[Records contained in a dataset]
[Start of Attachment]
lemma lde_reduced:
  assumes "lde5 (rep_vec k l a b c d) = l" and "k \<le> 2"
    and "a\<^sup>2 + b\<^sup>2 + c\<^sup>2 + d\<^sup>2 = 2 ^ k * 5 ^ l"
    and "5 dvd p \<and> 5 dvd q \<and> 5 dvd r \<and> 5 dvd s \<Longrightarrow> 5 dvd a \<and> 5 dvd b \<and> 5 dvd c \<and> 5 dvd d"
  shows "lde (rep_vec 0 l p q r s) = (0, l)"
proof -
  let ?v = "rep_vec 0 l p q r s"
  have rep: "representable 0 l ?v" unfolding representable_iff by auto
  have "lde5 ?v = l" unfolding lde5_def
  proof (rule Least_equality)
    fix l' assume "\<exists>k'. representable k' l' ?v"
    show "l \<le> l'"
    proof (rule ccontr)
      assume "\<not> l \<le> l'"
      then have "5 dvd a \<and> 5 dvd b \<and> 5 dvd c \<and> 5 dvd d"
        using five_dvd_if_smaller_l \<open>\<exists>k'. representable k' l' ?v\<close> assms(4) by auto
      then obtain a' b' c' d' where abcd: "a = 5 * a'" "b = 5 * b'" "c = 5 * c'" "d = 5 * d'"
        by (elim conjE dvdE) blast
      have "(5::int) ^ 2 dvd 2 ^ k * 5 ^ l"
        unfolding assms(3)[symmetric] abcd by (simp add: power_mult_distrib)
      moreover have "coprime ((5::int) ^ 2) (2 ^ k)" by simp
      ultimately have "(5::int) ^ 2 dvd 5 ^ l" by (simp only: coprime_dvd_mult_right_iff)
      have "2 \<le> l"
      proof (rule ccontr)
        assume "\<not> 2 \<le> l"
        then have "l = 0 \<or> l = 1" by auto
        then show False using \<open>(5::int) ^ 2 dvd 5 ^ l\<close> by auto
      qed
      then obtain l'' where l: "l = l'' + 2" by (metis le_add_diff_inverse2)
      have "representable k l'' (rep_vec k l a b c d)"
        unfolding representable_iff abcd l rep_vec_cancel_5 using assms(2) by blast
      then show False using lde5_le assms(1) l by fastforce
    qed
  qed (use rep in blast)
  moreover have "lde2 ?v = 0" unfolding lde2_def by (rule Least_eq_0) (use rep in blast)
  ultimately show ?thesis unfolding lde_def by simp
qed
[End of Attachment]
→ Action item
Every line in the data above has to be retyped exactly.

→ Your solution
lemma lde_reduced:
  assumes "lde5 (rep_vec k l a b c d) = l" and "k \<le> 2"
    and "a\<^sup>2 + b\<^sup>2 + c\<^sup>2 + d\<^sup>2 = 2 ^ k * 5 ^ l"
    and "5 dvd p \<and> 5 dvd q \<and> 5 dvd r \<and> 5 dvd s \<Longrightarrow> 5 dvd a \<and> 5 dvd b \<and> 5 dvd c \<and> 5 dvd d"
  shows "lde (rep_vec 0 l p q r s) = (0, l)"
proof -
  let ?v = "rep_vec 0 l p q r s"
  have rep: "representable 0 l ?v" unfolding representable_iff by auto
  have "lde5 ?v = l" unfolding lde5_def
  proof (rule Least_equality)
    fix l' assume "\<exists>k'. representable k' l' ?v"
    show "l \<le> l'"
    proof (rule ccontr)
      assume "\<not> l \<le> l'"
      then have "5 dvd a \<and> 5 dvd b \<and> 5 dvd c \<and> 5 dvd d"
        using five_dvd_if_smaller_l \<open>\<exists>k'. representable k' l' ?v\<close> assms(4) by auto
      then obtain a' b' c' d' where abcd: "a = 5 * a'" "b = 5 * b'" "c = 5 * c'" "d = 5 * d'"
        by (elim conjE dvdE) blast
      have "(5::int) ^ 2 dvd 2 ^ k * 5 ^ l"
        unfolding assms(3)[symmetric] abcd by (simp add: power_mult_distrib)
      moreover have "coprime ((5::int) ^ 2) (2 ^ k)" by simp
      ultimately have "(5::int) ^ 2 dvd 5 ^ l" by (simp only: coprime_dvd_mult_right_iff)
      have "2 \<le> l"
      proof (rule ccontr)
        assume "\<not> 2 \<le> l"
        then have "l = 0 \<or> l = 1" by auto
        then show False using \<open>(5::int) ^ 2 dvd 5 ^ l\<close> by auto
      qed
      then obtain l'' where l: "l = l'' + 2" by (metis le_add_diff_inverse2)
      have "representable k l'' (rep_vec k l a b c d)"
        unfolding representable_iff abcd l rep_vec_cancel_5 using assms(2) by blast
      then show False using lde5_le assms(1) l by fastforce
    qed
  qed (use rep in blast)
  moreover have "lde2 ?v = 0" unfolding lde2_def by (rule Least_eq_0) (use rep in blast)
  ultimately show ?thesis unfolding lde_def by simp
qed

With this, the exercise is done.